#### [About this exercise]
When a line below contains the string "simp", show that line.
+ + + +
text \<open>A formula of \<open>A1\<close> shared with \<open>A2\<close> is accepted by everyone, so both costs are 0;
otherwise the cheapest rejection over \<open>A\<close> keeps the \<open>A2\<close>-part of \<open>J1 \<union> J2\<close>.\<close>
lemma s_rev_Un_JS:
  assumes f: "f \<in> K" "K \<in> JS Gam A1" and J: "J1 \<in> JS Gam A1" "J2 \<in> JS Gam A2"
  shows "s_rev Gam A (J1 \<union> J2) f = s_rev Gam A1 J1 f"
proof (cases "f \<in> \<Union>A2")
  case True
  then have in2: "f \<in> L2" if "L2 \<in> JS Gam A2" for L2 using overlap_forced[OF f(2) that] f by blast
  have "f \<in> \<Union>A1" using f JS_subset_Union by blast
  then have "f \<in> L1" if "L1 \<in> JS Gam A1" for L1 using overlap_forced'[OF that J(2)] in2 J(2) by blast
  then have "s_rev Gam A1 J1 f = 0" by (rule s_rev_unrejected)
  moreover have "s_rev Gam A (J1 \<union> J2) f = 0"
    by (rule s_rev_unrejected) (use in2 JS_split(2) in blast)
  ultimately show ?thesis by simp
next
  case False
  show ?thesis
  proof (cases "\<exists>L1\<in>JS Gam A1. f \<notin> L1")
    case False
    then have "s_rev Gam A1 J1 f = 0" by (blast intro: s_rev_unrejected)
    moreover have "s_rev Gam A (J1 \<union> J2) f = 0"
      by (rule s_rev_unrejected) (use False JS_split(1) in blast)
    ultimately show ?thesis by simp
  next
    case True
    then obtain K1 where K1: "K1 \<in> JS Gam A1" "f \<notin> K1"
      and min: "\<And>L1. L1 \<in> JS Gam A1 \<Longrightarrow> f \<notin> L1 \<Longrightarrow> dH J1 K1 \<le> dH J1 L1"
      using ex_has_least_nat[of "\<lambda>L1. L1 \<in> JS Gam A1 \<and> f \<notin> L1" _ "dH J1"] by blast
    have "s_rev Gam A1 J1 f = dH J1 K1" using s_rev_eqI[OF agenda1 K1 min] by blast
    moreover have cost: "dH (J1 \<union> J2) (K1 \<union> J2) = dH J1 K1"
      using dH_Un_JS[OF J K1(1) J(2)] by (simp add: dH_def)
    moreover have "s_rev Gam A (J1 \<union> J2) f = dH (J1 \<union> J2) (K1 \<union> J2)"
    proof (rule s_rev_eqI[OF agenda Un_in_JS[OF K1(1) J(2)]])
      show "f \<notin> K1 \<union> J2" using K1 \<open>f \<notin> \<Union>A2\<close> JS_subset_Union[OF J(2)] by blast
      fix L assume L: "L \<in> JS Gam A" "f \<notin> L"
      have "dH (J1 \<union> J2) (K1 \<union> J2) = dH J1 K1" by (rule cost)
      also have "\<dots> \<le> dH J1 (L \<inter> \<Union>A1)" using min JS_split(1)[OF L(1)] L(2) by blast
      also have "\<dots> \<le> dH (J1 \<union> J2) L"
        using dH_Un_JS[OF J JS_split(1,2)[OF L(1)]] by (simp add: JS_split(3)[OF L(1), symmetric])
      finally show "dH (J1 \<union> J2) (K1 \<union> J2) \<le> dH (J1 \<union> J2) L" .
    qed
    ultimately show ?thesis by simp
  qed
qed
+ + + +
#### [Written answer]
  ultimately show ?thesis by simp
    ultimately show ?thesis by simp
      using dH_Un_JS[OF J K1(1) J(2)] by (simp add: dH_def)
        using dH_Un_JS[OF J JS_split(1,2)[OF L(1)]] by (simp add: JS_split(3)[OF L(1), symmetric])
    ultimately show ?thesis by simp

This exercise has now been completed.